Like, the first paragraph explains.

Until last week there were about 1,900 official governmental application procedures that stipulated businesses must submit floppies or CD-ROMs (specifically) containing supplementary data.

Not "the government had to accept them", but "businesses were required to submit them".

It's not a hypothetical problem, there was even news a few years ago about how businesses were complaining they had to send in a dozen+ disks at a time because of file formats.

The laws were written at the dawn of the digital age, in the 70s and 80s, stipulating specific storage media, and just never got updated because the government didn't view it as a problem.

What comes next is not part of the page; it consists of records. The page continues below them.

(* Let $A\in\mathbb{R}^{n\times n}$ be such that $\Lambda_1$ is complex, i.e. the set of eigenvalues of $A$ with maximal real part consists exactly of a pair of simple complex conjugate eigenvalues $\lambda_1,\overline{\lambda_1}$ with $\omega_1=\operatorname{Im}\lambda_1>0$. Let $y_0\in\mathbb{R}^n$ and $\hat z_0\in\mathbb{R}^n$, $\|\hat z_0\|=1$, with $w^{(1)}y_0\neq0$ and $w^{(1)}\hat z_0\neq0$. Then, as $t\to+\infty$, $$K(t,y_0,\hat z_0)\sim \mathrm{OSF}(y_0,\hat z_0)\cdot \mathrm{OT}(t,y_0,\hat z_0),\qquad K(t,y_0)\sim\mathrm{OSF}(y_0)\cdot\mathrm{OT}(t,y_0),$$ where $$\mathrm{OSF}(y_0,\hat z_0)=\frac{|\hat w^{(1)}\hat z_0|}{|\hat w^{(1)}\hat y_0|},\quad \mathrm{OSF}(y_0)=\frac{1}{|\hat w^{(1)}\hat y_0|},\quad \mathrm{OT}(t,y_0,\hat z_0)=\frac{\|\hat\Theta_1(t,\hat z_0)\|}{\|\hat\Theta_1(t,\hat y_0)\|},\quad \mathrm{OT}(t,y_0)=\frac{\|\hat\Theta_1(t)\|}{\|\hat\Theta_1(t,\hat y_0)\|}.$$
   Context: $\|\cdot\|$ is a vector norm on $\mathbb{C}^n$, used on $\mathbb{R}^n$ by restriction; matrix norms of real matrices are induced over real vectors. $\hat y_0=y_0/\|y_0\|$, $K(t,y_0,\hat z_0)=\|e^{tA}\hat z_0\|/\|e^{tA}\hat y_0\|$, $K(t,y_0)=\|e^{tA}\|/\|e^{tA}\hat y_0\|$ (real induced norm). $w^{(1)}$ (complex row) and $v^{(1)}$ (complex column) are left and right eigenvectors of $A$ for $\lambda_1$; $\hat w^{(1)}=w^{(1)}/\|w^{(1)}\|$ with $\|w^{(1)}\|=\max_{u\in\mathbb{C}^n,\|u\|=1}|w^{(1)}u|$, and $\hat v^{(1)}=v^{(1)}/\|v^{(1)}\|$. Write $\hat v^{(1)}_k=|\hat v^{(1)}_k|e^{\sqrt{-1}\alpha_{1k}}$, $\hat w^{(1)}_l=|\hat w^{(1)}_l|e^{\sqrt{-1}\beta_{1l}}$, and for $u\in\mathbb{R}^n$ with $w^{(1)}u\ne0$, $\hat w^{(1)}u=|\hat w^{(1)}u|e^{\sqrt{-1}\gamma_1(u)}$. Define $\hat\Theta_1(t,u)=\big(|\hat v^{(1)}_k|\cos(\omega_1t+\alpha_{1k}+\gamma_1(u))\big)_{k=1}^n\in\mathbb{R}^n$ and $\hat\Theta_1(t)=\big(|\hat v^{(1)}_k||\hat w^{(1)}_l|\cos(\omega_1t+\alpha_{1k}+\beta_{1l})\big)_{k,l=1}^n\in\mathbb{R}^{n\times n}$. $a(t)\sim b(t)$ means $a(t)/b(t)\to1$ as $t\to+\infty$. *)

theory Defs
  imports "HOL-Analysis.Analysis" "HOL-Computational_Algebra.Polynomial"
begin

primrec matpow :: "'a::comm_ring_1^'n^'n \<Rightarrow> nat \<Rightarrow> 'a^'n^'n" where
  "matpow M 0 = mat 1"
| "matpow M (Suc k) = M ** matpow M k"

definition mexp :: "real \<Rightarrow> real^'n^'n \<Rightarrow> real^'n^'n" where
  "mexp t A = (\<chi> i j. (\<Sum>k. (t ^ k / fact k) * (matpow A k) $ i $ j))"

definition cvec :: "real^'n \<Rightarrow> complex^'n" where
  "cvec x = (\<chi> i. complex_of_real (x $ i))"

definition cmat :: "real^'n^'n \<Rightarrow> complex^'n^'n" where
  "cmat A = (\<chi> i j. complex_of_real (A $ i $ j))"

definition charpoly :: "real^'n^'n \<Rightarrow> complex poly" where
  "charpoly A = det (\<chi> i j. (if i = j then [:0, 1:] else 0) - [: complex_of_real (A $ i $ j) :])"

definition eigenvalues :: "real^'n^'n \<Rightarrow> complex set" where
  "eigenvalues A = {z. poly (charpoly A) z = 0}"

definition Lambda1 :: "real^'n^'n \<Rightarrow> complex set" where
  "Lambda1 A = {z \<in> eigenvalues A. \<forall>\<mu> \<in> eigenvalues A. Re \<mu> \<le> Re z}"

definition simple_eigenvalue :: "real^'n^'n \<Rightarrow> complex \<Rightarrow> bool" where
  "simple_eigenvalue A lam \<longleftrightarrow> lam \<in> eigenvalues A \<and> order lam (charpoly A) = 1"

definition rowmul :: "complex^'n \<Rightarrow> complex^'n \<Rightarrow> complex" where
  "rowmul w u = (\<Sum>i\<in>UNIV. w $ i * u $ i)"

definition left_eigvec :: "real^'n^'n \<Rightarrow> complex \<Rightarrow> complex^'n \<Rightarrow> bool" where
  "left_eigvec A lam w \<longleftrightarrow> w \<noteq> 0 \<and> w v* cmat A = lam *s w"

definition right_eigvec :: "real^'n^'n \<Rightarrow> complex \<Rightarrow> complex^'n \<Rightarrow> bool" where
  "right_eigvec A lam v \<longleftrightarrow> v \<noteq> 0 \<and> cmat A *v v = lam *s v"

definition is_cnorm :: "(complex^'n \<Rightarrow> real) \<Rightarrow> bool" where
  "is_cnorm N \<longleftrightarrow> (\<forall>x. N x = 0 \<longleftrightarrow> x = 0) \<and> (\<forall>c x. N (c *s x) = cmod c * N x)
     \<and> (\<forall>x y. N (x + y) \<le> N x + N y)"

definition rnorm :: "(complex^'n \<Rightarrow> real) \<Rightarrow> real^'n \<Rightarrow> real" where
  "rnorm N x = N (cvec x)"

definition mnorm :: "(complex^'n \<Rightarrow> real) \<Rightarrow> real^'n^'n \<Rightarrow> real" where
  "mnorm N M = Sup {rnorm N (M *v x) | x. rnorm N x = 1}"

definition rownorm :: "(complex^'n \<Rightarrow> real) \<Rightarrow> complex^'n \<Rightarrow> real" where
  "rownorm N w = Sup {cmod (rowmul w u) | u. N u = 1}"

definition normalize_row :: "(complex^'n \<Rightarrow> real) \<Rightarrow> complex^'n \<Rightarrow> complex^'n" where
  "normalize_row N w = complex_of_real (1 / rownorm N w) *s w"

[-] WildPalmTree@lemmy.world 4 points 5 months ago

Upvoted because proper'ish use of 10 and one. :)

[-] Sagifurius@lemm.ee 1 points 5 months ago* (last edited 5 months ago)

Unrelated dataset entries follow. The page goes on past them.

text \<open>The lower bound on \<open>(G' w v, snd v)\<close> says that the partial derivative of \<open>G\<close> with respect to
  its first argument is uniformly invertible on \<open>U\<close>.\<close>

lemma implicit_function_C1:
  fixes G :: "'a::euclidean_space \<times> 'b::euclidean_space \<Rightarrow> 'a"
    and G' :: "'a \<times> 'b \<Rightarrow> ('a \<times> 'b) \<Rightarrow>\<^sub>L 'a"
  assumes U: "open U" "(x0, p0) \<in> U" and G0: "G (x0, p0) = 0"
    and G': "\<And>w. w \<in> U \<Longrightarrow> (G has_derivative G' w) (at w)"
    and contG': "continuous_on U G'"
    and c: "c > 0" and bounded_below: "\<And>w v. w \<in> U \<Longrightarrow> c * norm v \<le> norm (G' w v, snd v)"
  obtains \<delta> X X' where "\<delta> > 0" "\<And>p. p \<in> ball p0 \<delta> \<Longrightarrow> (X p, p) \<in> U \<and> G (X p, p) = 0"
    "\<And>p. p \<in> ball p0 \<delta> \<Longrightarrow> (X has_derivative blinfun_apply (X' p)) (at p)"
    "continuous_on (ball p0 \<delta>) X'"
proof -
  define \<Phi> where "\<Phi> w = (G w, snd w)" for w
  define \<Phi>' where "\<Phi>' w = Blinfun (\<lambda>v. (G' w v, snd v))" for w
  have \<Phi>'_apply: "blinfun_apply (\<Phi>' w) = (\<lambda>v. (G' w v, snd v))" for w
    unfolding \<Phi>'_def
    by (intro bounded_linear_Blinfun_apply bounded_linear_Pair blinfun.bounded_linear_right
        bounded_linear_snd)
  have \<Phi>_deriv: "(\<Phi> has_derivative \<Phi>' w) (at w)" if "w \<in> U" for w
    unfolding \<Phi>'_apply \<Phi>_def
    by (rule has_derivative_Pair[OF G'[OF that] has_derivative_snd[OF has_derivative_ident]])
  have cont\<Phi>': "continuous_on U \<Phi>'"
    by (rule continuous_on_blinfun_componentwise)
      (simp add: \<Phi>'_apply continuous_on_Pair
        bounded_bilinear.continuous_on[OF bounded_bilinear_blinfun_apply contG' continuous_on_const])
  obtain V g g' where "open V" "\<Phi> (x0, p0) \<in> V" and g: "\<And>y. y \<in> V \<Longrightarrow> g y \<in> U \<and> \<Phi> (g y) = y"
    and g': "\<And>y. y \<in> V \<Longrightarrow> (g has_derivative blinfun_apply (g' y)) (at y)"
    and cont_g': "continuous_on V g'"
    by (rule inverse_function_theorem_C1[OF U \<Phi>_deriv cont\<Phi>' c]) (auto simp: \<Phi>'_apply bounded_below)
  then obtain \<delta> where "\<delta> > 0" and \<delta>: "ball (0, p0) \<delta> \<subseteq> V"
    using G0 open_contains_ball by (force simp: \<Phi>_def)
  have V: "(0, p) \<in> V" if "p \<in> ball p0 \<delta>" for p
    using that \<delta> by (auto simp: dist_Pair_Pair)
  define X where "X p = fst (g (0, p))" for p
  define X' where "X' p = fst_blinfun o\<^sub>L g' (0, p) o\<^sub>L Blinfun (Pair 0)" for p
  have "(X p, p) \<in> U \<and> G (X p, p) = 0" if "p \<in> ball p0 \<delta>" for p
  proof -
    have "g (0, p) \<in> U" "G (g (0, p)) = 0" "snd (g (0, p)) = p" using g[OF V[OF that]] by (auto simp: \<Phi>_def)
    moreover have "g (0, p) = (X p, snd (g (0, p)))" by (simp add: X_def)
    ultimately show ?thesis by metis
  qed
  moreover have "(X has_derivative blinfun_apply (X' p)) (at p)" if "p \<in> ball p0 \<delta>" for p
  proof -
    have "blinfun_apply (X' p) = (\<lambda>q. fst (g' (0, p) (0, q)))"
      by (auto simp: X'_def bounded_linear_Blinfun_apply bounded_linear_Pair bounded_linear_zero)
    then show ?thesis
      unfolding X_def
      by (simp add: has_derivative_fst has_derivative_compose[OF has_derivative_Pair[OF
            has_derivative_const has_derivative_ident] g'[OF V[OF that]]])
  qed
  moreover have "continuous_on (ball p0 \<delta>) (\<lambda>p. g' (0, p))"
    using V by (intro continuous_on_compose2[OF cont_g'] continuous_on_Pair continuous_on_const
        continuous_on_id) auto
  then have "continuous_on (ball p0 \<delta>) X'"
    unfolding X'_def
    by (intro bounded_bilinear.continuous_on[OF bounded_bilinear_blinfun_compose] continuous_on_const)
  ultimately show ?thesis by (rule that[OF \<open>\<delta> > 0\<close>])
qed

lemma eventually_less_nhds:
  fixes g :: "'a::t2_space \<Rightarrow> real"
  shows "isCont g w0 \<Longrightarrow> g w0 < b \<Longrightarrow> eventually (\<lambda>w. g w < b) (nhds w0)"
  unfolding isCont_def tendsto_at_iff_tendsto_nhds by (rule order_tendstoD(2))

lemma continuous_on_if_lipschitz_bound:
  fixes g :: "'a::real_normed_vector \<Rightarrow> 'b::real_normed_vector"
  assumes "\<forall>x\<in>S. \<forall>x'\<in>S. norm (g x - g x') \<le> L * norm (x - x')"
  shows "continuous_on S g"
proof (rule lipschitz_on_continuous_on, rule lipschitz_onI)
  fix x y assume "x \<in> S" "y \<in> S"
  then have "norm (g x - g y) \<le> L * norm (x - y)" using assms by blast
  also have "\<dots> \<le> max L 0 * norm (x - y)" by (intro mult_right_mono) auto
  finally show "dist (g x) (g y) \<le> max L 0 * dist x y" by (simp add: dist_norm)
qed simp

lemma box_subset_ball:
  fixes s0 :: "'a::real_normed_vector"
  shows "{(s, \<mu>). norm (s - s0) \<le> r \<and> 0 \<le> \<mu> \<and> \<mu> < r} \<subseteq> ball (s0, 0::real) (2 * r)"
proof safe
  fix s and \<mu> :: real assume "norm (s - s0) \<le> r" "0 \<le> \<mu>" "\<mu> < r"
  moreover have "dist (s0, 0) (s, \<mu>) \<le> norm (s - s0) + \<bar>\<mu>\<bar>"
    using norm_Pair_le[of "s0 - s" "0 - \<mu>"] by (simp add: dist_norm norm_minus_commute)
  ultimately show "(s, \<mu>) \<in> ball (s0, 0) (2 * r)" by simp
qed

section \<open>Strongly convex functions\<close>

lemma strongly_monotone_if_derivative_coercive:
  fixes Gr :: "'a::real_inner \<Rightarrow> 'a"
  assumes S: "convex S" and Gr': "\<And>x. x \<in> S \<Longrightarrow> (Gr has_derivative Gr' x) (at x)"
    and coercive: "\<And>x v. x \<in> S \<Longrightarrow> \<kappa> * (norm v)^2 \<le> v \<bullet> Gr' x v"
    and x: "x \<in> S" and y: "y \<in> S"
  shows "\<kappa> * (norm (x - y))^2 \<le> (Gr x - Gr y) \<bullet> (x - y)"
proof -
  define d where "d = x - y"
  have seg: "y + t *\<^sub>R d \<in> S" if "0 \<le> t" "t \<le> 1" for t
    using convexD[OF S y x, of "1 - t" t] that by (simp add: d_def algebra_simps)
  have "((\<lambda>t. Gr (y + t *\<^sub>R d) \<bullet> d) has_real_derivative Gr' (y + t *\<^sub>R d) d \<bullet> d) (at t)"
    if "0 \<le> t" "t \<le> 1" for t
  proof -
    have D: "((\<lambda>t. Gr (y + t *\<^sub>R d) \<bullet> d) has_derivative (\<lambda>s. Gr' (y + t *\<^sub>R d) (s *\<^sub>R d) \<bullet> d)) (at t)"
    proof -
      have "((\<lambda>t. y + t *\<^sub>R d) has_derivative (\<lambda>s. s *\<^sub>R d)) (at t)"
        by (auto intro!: derivative_eq_intros)
      from has_derivative_compose[OF this Gr'[OF seg[OF that]]] show ?thesis
        by (rule has_derivative_inner_left)
    qed
    have "Gr' (y + t *\<^sub>R d) (s *\<^sub>R d) = s *\<^sub>R Gr' (y + t *\<^sub>R d) d" for s
      using has_derivative_bounded_linear[OF Gr'[OF seg[OF that]]] by (simp add: linear_simps)
    then show ?thesis
      unfolding has_field_derivative_def by (intro has_derivative_eq_rhs[OF D]) (simp add: fun_eq_iff)
  qed
  then obtain z where z: "0 < z" "z < 1"
    and mvt: "Gr x \<bullet> d - Gr y \<bullet> d = Gr' (y + z *\<^sub>R d) d \<bullet> d"
    using MVT2[of 0 1 "\<lambda>t. Gr (y + t *\<^sub>R d) \<bullet> d" "\<lambda>t. Gr' (y + t *\<^sub>R d) d \<bullet> d"] by (auto simp: d_def)
  have "\<kappa> * (norm d)^2 \<le> Gr' (y + z *\<^sub>R d) d \<bullet> d"
    using coercive[OF seg, of z d] z by (simp add: inner_commute)
  then show ?thesis using mvt by (simp add: d_def inner_diff_left)
qed

lemma strongly_convex_strict_min:
  fixes F :: "'a::real_inner \<Rightarrow> real"
  assumes S: "convex S" and F': "\<And>x. x \<in> S \<Longrightarrow> (F has_derivative (\<lambda>h. Gr x \<bullet> h)) (at x)"
    and Gr': "\<And>x. x \<in> S \<Longrightarrow> (Gr has_derivative Gr' x) (at x)"
    and coercive: "\<And>x v. x \<in> S \<Longrightarrow> \<kappa> * (norm v)^2 \<le> v \<bullet> Gr' x v" and "\<kappa> > 0"
    and x0: "x0 \<in> S" "Gr x0 = 0" and x: "x \<in> S" "x \<noteq> x0"
  shows "F x0 < F x"
proof -
  define d where "d = x - x0"
  have seg: "x0 + t *\<^sub>R d \<in> S" if "0 \<le> t" "t \<le> 1" for t
    using convexD[OF S x0(1) x(1), of "1 - t" t] that by (simp add: d_def algebra_simps)
  have "((\<lambda>t. F (x0 + t *\<^sub>R d)) has_real_derivative Gr (x0 + t *\<^sub>R d) \<bullet> d) (at t)"
    if "0 \<le> t" "t \<le> 1" for t
  proof -
    have "((\<lambda>t. x0 + t *\<^sub>R d) has_derivative (\<lambda>s. s *\<^sub>R d)) (at t)"
      by (auto intro!: derivative_eq_intros)
    from has_derivative_compose[OF this F'[OF seg[OF that]]] show ?thesis
      unfolding has_field_derivative_def
      by (rule has_derivative_eq_rhs) (simp add: fun_eq_iff)
  qed
  then obtain z where z: "0 < z" "z < 1" and mvt: "F x - F x0 = Gr (x0 + z *\<^sub>R d) \<bullet> d"
    using MVT2[of 0 1 "\<lambda>t. F (x0 + t *\<^sub>R d)" "\<lambda>t. Gr (x0 + t *\<^sub>R d) \<bullet> d"] by (auto simp: d_def)
  have "\<kappa> * (norm (z *\<^sub>R d))^2 \<le> (Gr (x0 + z *\<^sub>R d) - Gr x0) \<bullet> (z *\<^sub>R d)"
    using strongly_monotone_if_derivative_coercive[OF S Gr' coercive seg x0(1)] z by simp
  then have "z * (\<kappa> * z * (norm d)^2) \<le> z * (Gr (x0 + z *\<^sub>R d) \<bullet> d)"
    using x0(2) by (simp add: power_mult_distrib power2_eq_square mult_ac)
  then have "\<kappa> * z * (norm d)^2 \<le> F x - F x0"
    using z mvt by simp
  moreover have "0 < \<kappa> * z * (norm d)^2" using \<open>\<kappa> > 0\<close> z x(2) by (simp add: d_def)
  ultimately show ?thesis by simp
qed

section \<open>Matrices and quadratic forms\<close>

lemma outer_mult_vec: "outer u *v h = (u \<bullet> h) *\<^sub>R u"
  by (simp add: vec_eq_iff outer_def matrix_vector_mult_def inner_vec_def sum_distrib_left mult_ac)

lemma sum_matrix_vector_mult:
  "finite S \<Longrightarrow> (\<Sum>i\<in>S. (M i :: real^'n^'k)) *v v = (\<Sum>i\<in>S. M i *v v)"
  by (induct S rule: finite_induct) (auto simp: matrix_vector_mult_add_rdistrib)

lemma continuous_outer [continuous_intros]: "continuous F g \<Longrightarrow> continuous F (\<lambda>x. outer (g x))"
  unfolding continuous_def outer_def by (intro tendsto_vec_lambda tendsto_mult tendsto_vec_nth)

lemma continuous_matrix_vector_mult [continuous_intros]:
  fixes A :: "'a::t2_space \<Rightarrow> real^'n^'k"
  shows "continuous F A \<Longrightarrow> continuous F (\<lambda>x. A x *v h)"
  unfolding continuous_def matrix_vector_mult_def
  by (intro tendsto_vec_lambda tendsto_sum tendsto_mult tendsto_vec_nth tendsto_const)

lemma norm_matrix_vector_mult_le:
  fixes X :: "real^'n^'m"
  shows "norm (X *v v) \<le> (\<Sum>i\<in>UNIV. \<Sum>j\<in>UNIV. \<bar>X $ i $ j\<bar>) * norm v"
proof -
  have "norm (X *v v) \<le> onorm ((*v) X) * norm v"
    by (rule onorm[OF matrix_vector_mul_bounded_linear])
  also have "\<dots> \<le> (\<Sum>i\<in>UNIV. \<Sum>j\<in>UNIV. \<bar>X $ i $ j\<bar>) * norm v"
    by (intro mult_right_mono onorm_le_matrix_component_sum) auto
  finally show ?thesis .
qed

Is there another way to express it except : ?

[-] psud@lemmy.world 2 points 5 months ago

10 to 1. Many style guides require numbers lower than 10 to be spelt out. Many people think that what style guides say is "correct"

[-] anarchy79@lemmy.world 1 points 5 months ago

I will never accept spelt nor smelt, unless we're talking about grains and ore refining, respectively.

[-] psud@lemmy.world 1 points 5 months ago

That's fine. Spelled vs spelt is different regionally in the UK. I was taught "spelled", I say it as spelled, but more often than not I type it spelt because it's easier on a glass keyboard

[-] anarchy79@lemmy.world 1 points 5 months ago

Hahaha I can respect that. I do have a pretty big chip on my shoulder when it comes to language, semantics, syntax, whatever, but I will always let it slide if the counter argument is based around instrumental favorability.

[-] Sagifurius@lemm.ee 1 points 5 months ago

Oh. Yeah I've never read a style guide.

[-] coffee_poops@sh.itjust.works 7 points 5 months ago

Their government agencies still used a lot of them.